→ Data to use:
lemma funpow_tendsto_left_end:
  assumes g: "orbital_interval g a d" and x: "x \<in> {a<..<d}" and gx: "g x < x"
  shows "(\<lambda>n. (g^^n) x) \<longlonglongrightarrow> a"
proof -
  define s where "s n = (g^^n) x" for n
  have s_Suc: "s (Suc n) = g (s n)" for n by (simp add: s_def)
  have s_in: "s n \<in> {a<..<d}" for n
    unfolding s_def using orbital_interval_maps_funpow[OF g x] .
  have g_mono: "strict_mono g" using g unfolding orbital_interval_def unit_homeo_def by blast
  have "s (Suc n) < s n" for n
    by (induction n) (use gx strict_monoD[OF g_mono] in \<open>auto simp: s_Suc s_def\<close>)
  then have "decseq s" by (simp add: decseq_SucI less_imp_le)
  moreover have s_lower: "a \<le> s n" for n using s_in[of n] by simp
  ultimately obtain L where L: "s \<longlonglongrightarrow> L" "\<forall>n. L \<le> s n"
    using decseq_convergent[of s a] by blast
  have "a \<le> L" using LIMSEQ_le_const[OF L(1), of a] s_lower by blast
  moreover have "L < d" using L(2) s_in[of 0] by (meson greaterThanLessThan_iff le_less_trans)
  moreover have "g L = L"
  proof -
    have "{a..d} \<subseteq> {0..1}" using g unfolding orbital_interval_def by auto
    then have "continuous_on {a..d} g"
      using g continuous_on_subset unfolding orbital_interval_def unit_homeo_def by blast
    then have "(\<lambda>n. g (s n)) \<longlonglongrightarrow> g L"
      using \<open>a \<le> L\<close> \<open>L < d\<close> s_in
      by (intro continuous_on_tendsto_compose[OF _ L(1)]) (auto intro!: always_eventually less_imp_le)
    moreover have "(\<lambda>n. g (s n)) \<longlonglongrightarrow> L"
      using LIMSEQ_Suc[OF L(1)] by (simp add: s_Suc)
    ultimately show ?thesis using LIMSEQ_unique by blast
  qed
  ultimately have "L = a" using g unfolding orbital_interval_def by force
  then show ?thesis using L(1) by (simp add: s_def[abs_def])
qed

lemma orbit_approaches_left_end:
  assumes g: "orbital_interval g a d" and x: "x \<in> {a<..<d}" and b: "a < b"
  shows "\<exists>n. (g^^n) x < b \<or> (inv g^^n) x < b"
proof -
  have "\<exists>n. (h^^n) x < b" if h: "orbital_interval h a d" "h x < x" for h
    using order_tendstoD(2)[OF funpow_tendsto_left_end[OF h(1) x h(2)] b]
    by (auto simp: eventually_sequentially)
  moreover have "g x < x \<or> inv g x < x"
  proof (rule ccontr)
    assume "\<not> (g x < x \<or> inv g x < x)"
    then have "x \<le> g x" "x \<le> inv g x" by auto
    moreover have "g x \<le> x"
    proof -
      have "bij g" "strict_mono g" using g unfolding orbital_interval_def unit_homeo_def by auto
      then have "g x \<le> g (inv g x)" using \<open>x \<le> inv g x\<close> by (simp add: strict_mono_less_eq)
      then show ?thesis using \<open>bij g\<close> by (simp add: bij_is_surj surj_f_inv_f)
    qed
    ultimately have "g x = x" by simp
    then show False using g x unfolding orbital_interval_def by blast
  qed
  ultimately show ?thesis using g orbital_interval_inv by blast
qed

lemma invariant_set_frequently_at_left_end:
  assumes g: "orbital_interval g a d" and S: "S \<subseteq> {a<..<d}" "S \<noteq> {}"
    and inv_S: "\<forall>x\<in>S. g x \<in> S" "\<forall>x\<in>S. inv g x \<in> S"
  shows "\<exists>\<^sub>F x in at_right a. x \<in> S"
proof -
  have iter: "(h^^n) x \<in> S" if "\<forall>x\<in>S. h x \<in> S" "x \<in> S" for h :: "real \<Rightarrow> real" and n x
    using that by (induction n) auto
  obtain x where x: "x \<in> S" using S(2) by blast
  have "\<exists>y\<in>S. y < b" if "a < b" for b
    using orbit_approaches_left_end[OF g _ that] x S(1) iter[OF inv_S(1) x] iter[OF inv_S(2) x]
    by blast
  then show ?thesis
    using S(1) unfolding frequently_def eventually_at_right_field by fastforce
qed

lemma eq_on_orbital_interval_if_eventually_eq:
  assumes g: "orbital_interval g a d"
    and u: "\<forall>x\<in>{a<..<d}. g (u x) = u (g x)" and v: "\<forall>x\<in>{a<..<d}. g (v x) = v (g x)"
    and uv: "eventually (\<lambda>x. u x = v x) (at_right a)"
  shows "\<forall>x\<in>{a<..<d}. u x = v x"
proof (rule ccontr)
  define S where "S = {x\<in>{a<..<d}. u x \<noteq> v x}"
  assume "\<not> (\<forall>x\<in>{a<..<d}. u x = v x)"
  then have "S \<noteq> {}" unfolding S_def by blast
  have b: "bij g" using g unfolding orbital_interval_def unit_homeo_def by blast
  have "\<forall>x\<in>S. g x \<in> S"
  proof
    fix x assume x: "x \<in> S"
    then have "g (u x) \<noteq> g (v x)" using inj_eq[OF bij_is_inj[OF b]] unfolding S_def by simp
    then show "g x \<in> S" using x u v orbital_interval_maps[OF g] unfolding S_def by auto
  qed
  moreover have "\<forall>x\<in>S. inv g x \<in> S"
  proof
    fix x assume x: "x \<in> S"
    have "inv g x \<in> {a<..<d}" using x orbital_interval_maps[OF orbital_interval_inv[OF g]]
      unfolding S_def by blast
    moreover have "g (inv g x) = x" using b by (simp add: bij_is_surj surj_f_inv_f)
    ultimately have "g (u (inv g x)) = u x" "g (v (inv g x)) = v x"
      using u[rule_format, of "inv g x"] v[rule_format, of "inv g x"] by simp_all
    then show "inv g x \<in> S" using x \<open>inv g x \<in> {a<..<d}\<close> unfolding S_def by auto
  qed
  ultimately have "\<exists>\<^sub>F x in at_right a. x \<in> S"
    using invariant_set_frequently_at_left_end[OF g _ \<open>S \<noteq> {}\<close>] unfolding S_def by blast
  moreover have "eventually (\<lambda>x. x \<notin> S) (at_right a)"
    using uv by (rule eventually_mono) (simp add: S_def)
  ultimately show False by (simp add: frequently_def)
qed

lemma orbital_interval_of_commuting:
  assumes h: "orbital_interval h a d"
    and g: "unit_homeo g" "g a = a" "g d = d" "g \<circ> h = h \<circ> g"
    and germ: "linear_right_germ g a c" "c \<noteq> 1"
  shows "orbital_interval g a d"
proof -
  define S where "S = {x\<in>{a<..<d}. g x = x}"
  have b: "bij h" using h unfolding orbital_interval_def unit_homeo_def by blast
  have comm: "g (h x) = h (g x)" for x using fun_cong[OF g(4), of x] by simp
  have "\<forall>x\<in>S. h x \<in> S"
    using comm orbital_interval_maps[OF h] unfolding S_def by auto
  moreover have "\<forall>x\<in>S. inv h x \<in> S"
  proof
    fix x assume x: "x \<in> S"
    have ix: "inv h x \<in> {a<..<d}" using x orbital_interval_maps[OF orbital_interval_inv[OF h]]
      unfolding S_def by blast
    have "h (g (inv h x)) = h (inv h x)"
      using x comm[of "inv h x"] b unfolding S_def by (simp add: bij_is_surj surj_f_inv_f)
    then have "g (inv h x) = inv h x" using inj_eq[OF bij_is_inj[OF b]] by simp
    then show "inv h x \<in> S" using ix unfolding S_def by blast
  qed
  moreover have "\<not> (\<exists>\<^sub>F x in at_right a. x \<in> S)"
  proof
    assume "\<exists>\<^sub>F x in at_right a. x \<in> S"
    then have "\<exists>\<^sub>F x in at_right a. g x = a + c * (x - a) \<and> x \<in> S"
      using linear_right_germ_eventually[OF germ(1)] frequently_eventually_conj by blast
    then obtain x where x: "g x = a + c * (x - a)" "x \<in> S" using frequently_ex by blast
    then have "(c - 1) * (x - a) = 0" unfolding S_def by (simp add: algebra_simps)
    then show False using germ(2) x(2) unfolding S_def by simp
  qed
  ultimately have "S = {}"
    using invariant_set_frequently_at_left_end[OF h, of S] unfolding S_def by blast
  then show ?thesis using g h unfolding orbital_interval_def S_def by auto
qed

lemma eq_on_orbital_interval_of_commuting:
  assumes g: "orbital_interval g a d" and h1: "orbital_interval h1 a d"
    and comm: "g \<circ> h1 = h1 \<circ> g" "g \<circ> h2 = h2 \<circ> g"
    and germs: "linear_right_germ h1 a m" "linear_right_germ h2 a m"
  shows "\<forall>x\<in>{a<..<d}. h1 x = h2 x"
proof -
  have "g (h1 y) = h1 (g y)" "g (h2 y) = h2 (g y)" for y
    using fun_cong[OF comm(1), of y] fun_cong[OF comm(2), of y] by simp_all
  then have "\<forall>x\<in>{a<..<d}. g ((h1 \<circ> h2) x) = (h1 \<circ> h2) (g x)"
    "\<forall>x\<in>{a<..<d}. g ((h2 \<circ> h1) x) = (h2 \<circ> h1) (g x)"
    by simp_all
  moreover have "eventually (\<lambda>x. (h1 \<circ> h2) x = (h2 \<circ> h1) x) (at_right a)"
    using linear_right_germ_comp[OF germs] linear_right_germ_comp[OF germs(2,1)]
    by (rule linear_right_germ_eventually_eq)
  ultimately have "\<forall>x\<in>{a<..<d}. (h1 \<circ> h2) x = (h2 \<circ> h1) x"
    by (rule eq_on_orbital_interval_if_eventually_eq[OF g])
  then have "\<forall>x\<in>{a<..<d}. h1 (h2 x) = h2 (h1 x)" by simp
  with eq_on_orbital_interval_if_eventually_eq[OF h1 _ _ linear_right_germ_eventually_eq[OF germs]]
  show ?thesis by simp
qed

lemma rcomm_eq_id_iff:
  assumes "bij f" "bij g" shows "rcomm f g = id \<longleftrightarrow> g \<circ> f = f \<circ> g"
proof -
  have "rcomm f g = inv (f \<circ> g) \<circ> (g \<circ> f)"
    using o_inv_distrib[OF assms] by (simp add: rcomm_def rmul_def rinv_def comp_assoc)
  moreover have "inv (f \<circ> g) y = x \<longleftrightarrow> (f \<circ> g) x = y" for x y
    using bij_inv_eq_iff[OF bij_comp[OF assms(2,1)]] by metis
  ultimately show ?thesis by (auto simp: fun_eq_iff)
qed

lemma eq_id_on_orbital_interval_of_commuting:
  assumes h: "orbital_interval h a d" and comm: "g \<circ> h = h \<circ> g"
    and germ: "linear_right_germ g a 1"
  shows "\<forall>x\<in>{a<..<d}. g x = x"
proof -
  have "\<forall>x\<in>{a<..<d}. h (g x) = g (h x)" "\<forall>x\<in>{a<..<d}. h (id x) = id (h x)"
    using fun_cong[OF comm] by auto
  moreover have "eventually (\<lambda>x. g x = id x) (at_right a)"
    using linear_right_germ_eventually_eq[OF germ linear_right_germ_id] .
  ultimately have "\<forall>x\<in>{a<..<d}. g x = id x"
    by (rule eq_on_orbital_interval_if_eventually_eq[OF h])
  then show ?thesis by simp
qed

→ What you should do: Which lines of the entries above contain the word "shows"? Copy each of them.

→ Output for this task:
  shows "(\<lambda>n. (g^^n) x) \<longlonglongrightarrow> a"
  shows "\<exists>n. (g^^n) x < b \<or> (inv g^^n) x < b"
  shows "\<exists>\<^sub>F x in at_right a. x \<in> S"
  shows "\<forall>x\<in>{a<..<d}. u x = v x"
  shows "orbital_interval g a d"
  shows "\<forall>x\<in>{a<..<d}. h1 x = h2 x"
  assumes "bij f" "bij g" shows "rcomm f g = id \<longleftrightarrow> g \<circ> f = f \<circ> g"
  shows "\<forall>x\<in>{a<..<d}. g x = x"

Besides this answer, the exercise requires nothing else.